Among the trends and media that to some extent shaped me as a 90s kid—Beanie Babies, Tamagotchis, Pokémon, and so on—the book Frindle stands out as a particularly strange and perhaps underrated work in terms of its influence. For the uninitiated, it’s a story about a fifth-grade troublemaker with a strict teacher who discovers that words are made up by people and sets out to turn the pen into…yep, the frindle.
I’m not sure exactly when I encountered this book—it was published in 1996, so in theory I could have read it as early as the first grade. That feels a bit young though, because the age of the protagonist suggests its reading level is a good measure higher than that of a 6-year-old.
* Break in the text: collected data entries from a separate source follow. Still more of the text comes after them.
(* Let $d\ge 3$. An $\mathcal L_d$-structure is a model of $\mathrm{PQM}_d$ if and only if it is a model of the theory $\mathrm{PQM}'_d$ whose axioms are, for all $p,q\in\mathbb H_d$ and $U\in\mathbb U_d$: ($\top$) $\forall x\,[x:\top]$; ($\neg\bot$) $\exists x\,\neg[x:\bot]$; ($\le$) if $p\le q$: $\forall x\,([x:p]\to[x:q])$; ($\wedge'$) $\forall x\,([x:p]\wedge[x:q]\to[x:p\wedge q])$ (with no compatibility assumption on $p,q$); ($\pi_i$) $\forall x\,([x:p]\to[\pi_q(x):p\,\&\,q])$; ($\pi_e$) $\forall x\,([\pi_q(x):p]\to[x:p\,\delta\,q])$, where $p\,\delta\,q:=q^\bot\vee(p\wedge q)$; ($u_i$) $\forall x\,([x:p]\to[u_U(x):U(p)])$; ($u_e$) $\forall x\,([u_U(x):p]\to[x:U^{-1}(p)])$. In particular, for $d\ge3$, $\mathrm{PQM}_d\models\forall x\,([x:p]\wedge[x:q]\to[x:p\wedge q])$ for all $p,q\in\mathbb H_d$, and $\mathrm{PQM}_d\models\forall x\,([\pi_q(x):p]\to[x:p\,\delta\,q])$ for all $p,q\in\mathbb H_d$.
   Context: Notation. For $d\ge 1$, $\mathbb H_d$ is the set of complex linear subspaces of $\mathbb C^d$, ordered by inclusion $\le$, with $\top=\mathbb C^d$, $\bot=\{0\}$, $p^\bot$ the orthogonal complement, $p\wedge q=p\cap q$ and $p\vee q=p+q$. $\mathbb U_d$ is the set of unitary operators on $\mathbb C^d$, and for $U\in\mathbb U_d$, $p\in\mathbb H_d$, $U(p)=\{Uv: v\in p\}$. The Sasaki projection is $p\,\&\,q := q\cap(q^\bot+p)$. Subspaces $p,q$ are compatible iff $p=(p\wedge q)\vee(p\wedge q^\bot)$. Language $\mathcal L_d$: a first-order language without equality and without constants, having a unary function symbol $u_U$ for each $U\in\mathbb U_d$, a unary function symbol $\pi_q$ for each $q\in\mathbb H_d$, and a unary relation symbol $[\,\cdot:p]$ for each $p\in\mathbb H_d$. Theory $\mathrm{PQM}_d$ (over $\mathcal L_d$) has the following axioms, for all $p,q\in\mathbb H_d$ and $U\in\mathbb U_d$: ($\neg\bot$) $\exists x\,\neg[x:\bot]$; ($\top$) $\forall x\,[x:\top]$; ($\le$) if $p\le q$: $\forall x\,([x:p]\to[x:q])$; ($\wedge$) if $p,q$ are compatible: $\forall x\,([x:p]\wedge[x:q]\to[x:p\wedge q])$; ($\pi_i$) $\forall x\,([x:p]\to[\pi_q(x):p\,\&\,q])$; ($\pi_c$) if $p\le q$: $\forall x\,([\pi_p(\pi_q(x)):\bot]\to[\pi_p(x):\bot])$; ($\pi_\bot$) $\forall x\,([\pi_q(x):\bot]\to[x:q^\bot])$; ($u_i$) $\forall x\,([x:p]\to[u_U(x):U(p)])$; ($u_e$) $\forall x\,([u_U(x):p]\to[x:U^{-1}(p)])$. *)

theory Defs
  imports "HOL-Analysis.Analysis"
begin

text \<open>The ambient space C^d is complex ^ 'n, with d = CARD('n).
  H_d = complex linear subspaces (vec.subspace, scalars acting by (*s)).\<close>

type_synonym 'n cvec = "complex ^ 'n"
type_synonym 'n cmat = "complex ^ 'n ^ 'n"

definition cinner :: "'n::finite cvec \<Rightarrow> 'n cvec \<Rightarrow> complex" where
  "cinner v w = (\<Sum>i\<in>UNIV. v $ i * cnj (w $ i))"

definition Hd :: "'n::finite cvec set set" where
  "Hd = {S. vec.subspace S}"

definition htop :: "'n::finite cvec set" where "htop = UNIV"
definition hbot :: "'n::finite cvec set" where "hbot = {0}"

definition ortho :: "'n::finite cvec set \<Rightarrow> 'n cvec set" where
  "ortho p = {v. \<forall>w\<in>p. cinner v w = 0}"

definition hjoin :: "'n::finite cvec set \<Rightarrow> 'n cvec set \<Rightarrow> 'n cvec set" where
  "hjoin p q = {x + y | x y. x \<in> p \<and> y \<in> q}"

definition hmeet :: "'n::finite cvec set \<Rightarrow> 'n cvec set \<Rightarrow> 'n cvec set" where
  "hmeet p q = p \<inter> q"

definition sasaki :: "'n::finite cvec set \<Rightarrow> 'n cvec set \<Rightarrow> 'n cvec set" where
  "sasaki p q = hmeet q (hjoin (ortho q) p)"

definition sdelta :: "'n::finite cvec set \<Rightarrow> 'n cvec set \<Rightarrow> 'n cvec set" where
  "sdelta p q = hjoin (ortho q) (hmeet p q)"

definition compatible :: "'n::finite cvec set \<Rightarrow> 'n cvec set \<Rightarrow> bool" where
  "compatible p q \<longleftrightarrow> p = hjoin (hmeet p q) (hmeet p (ortho q))"

definition adjoint_mat :: "'n::finite cmat \<Rightarrow> 'n cmat" where
  "adjoint_mat U = (\<chi> i j. cnj (U $ j $ i))"

definition unitary :: "'n::finite cmat \<Rightarrow> bool" where
  "unitary U \<longleftrightarrow> U ** adjoint_mat U = mat 1 \<and> adjoint_mat U ** U = mat 1"

definition Ud :: "'n::finite cmat set" where
  "Ud = {U. unitary U}"

definition uimg :: "'n::finite cmat \<Rightarrow> 'n cvec set \<Rightarrow> 'n cvec set" where
  "uimg U p = (\<lambda>v. U *v v) ` p"

text \<open>An L_d-structure with universe the type 'a (nonempty) is given by
  u (interpreting u_U), proj (interpreting pi_q) and R (interpreting [. : p]).
  Only values at unitaries / subspaces matter.\<close>

definition PQM ::
  "('n::finite cmat \<Rightarrow> 'a \<Rightarrow> 'a) \<Rightarrow> ('n cvec set \<Rightarrow> 'a \<Rightarrow> 'a) \<Rightarrow> ('n cvec set \<Rightarrow> 'a \<Rightarrow> bool) \<Rightarrow> bool"
where
  "PQM u proj R \<longleftrightarrow>
     (\<exists>x. \<not> R hbot x) \<and>
     (\<forall>x. R htop x) \<and>
     (\<forall>p\<in>Hd. \<forall>q\<in>Hd. p \<subseteq> q \<longrightarrow> (\<forall>x. R p x \<longrightarrow> R q x)) \<and>
     (\<forall>p\<in>Hd. \<forall>q\<in>Hd. compatible p q \<longrightarrow> (\<forall>x. R p x \<and> R q x \<longrightarrow> R (hmeet p q) x)) \<and>
     (\<forall>p\<in>Hd. \<forall>q\<in>Hd. \<forall>x. R p x \<longrightarrow> R (sasaki p q) (proj q x)) \<and>
     (\<forall>p\<in>Hd. \<forall>q\<in>Hd. p \<subseteq> q \<longrightarrow> (\<forall>x. R hbot (proj p (proj q x)) \<longrightarrow> R hbot (proj p x))) \<and>
     (\<forall>q\<in>Hd. \<forall>x. R hbot (proj q x) \<longrightarrow> R (ortho q) x) \<and>
     (\<forall>p\<in>Hd. \<forall>U\<in>Ud. \<forall>x. R p x \<longrightarrow> R (uimg U p) (u U x)) \<and>
     (\<forall>p\<in>Hd. \<forall>U\<in>Ud. \<forall>x. R p (u U x) \<longrightarrow> R (uimg (matrix_inv U) p) x)"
I definitely associate it with elementary school, which for me ran from kindergarten to fifth grade, so let’s just plop me right in the middle and say I read it in third grade because I was advanced but not a genius. You know, an approachable 8-year-old intellectual.
Reflecting on Frindle more or less 25 years after I first read it is fun because while I haven’t actually gone through it again, it randomly occurred to me that I’ve been thinking a lot about its core message lately. The protagonist, Nicholas Allen, invents a new word for a pen, and Mrs. Granger punishes this silliness the more and more it catches on in their school. This of course makes it more popular, then it becomes a national sensation, and eventually it ends up in the dictionary. I find the story not only a clever way to express creativity in kids, but low key…a Zen approach to life? Words are made up! They’re concepts. Metaphors. A thing is not actually the name you assign to it, or even a thing. It’s just what it is prior to any labels that could be placed on it—the kind of idea I got pretty high-minded about and potentially even lost in a few weeks back.
This is a pretty cool and (I imagine, due to its popularity over the years) mind-expanding notion to teach to kids. At first it’s crazy—the dictionary, Lord of Words, is written by people? And subject to evolution? If enough people use a word and commonly understand it to represent something, it goes in there? WHAT. All of a sudden it makes total sense. Let’s frindle it up in here!
As an adult in my 30s, I think a lot about different thresholds, and how so many of them aren’t replicable, clear lines even if we try to make them so. Childhood to adulthood. Amateur to professional. Subjective idea to objective fact. Ink-filled writing utensil to pen. Or frindle. It’s funny to consider that a story about a kid stubbornly projecting gibberish onto a simple tool might have influenced that view of the world from a young age. Then again, I grew up during Pixar’s unprecedented run of original excellence in animated “children’s” movies. Toys that taught me to accept change. Monsters that taught me how love conquers fear (and how capitalism can yield corruption?). Fish that taught me the importance of trust and how differences don’t define you. There was a lot of heady stuff underpinning the colorful and silly worlds in which I immersed myself. I guess the best content for kids always has that.
In any case, add Frindle to the list of books I would like to read to children of my own if I have them one day. It might be a big gap from that to Seeing is Forgetting the Name of the Thing One Sees, a very Zen-sounding book on my own adult reading list, but I’d wager the seed it plants could similarly grow in the direction of that sort of curiosity over time.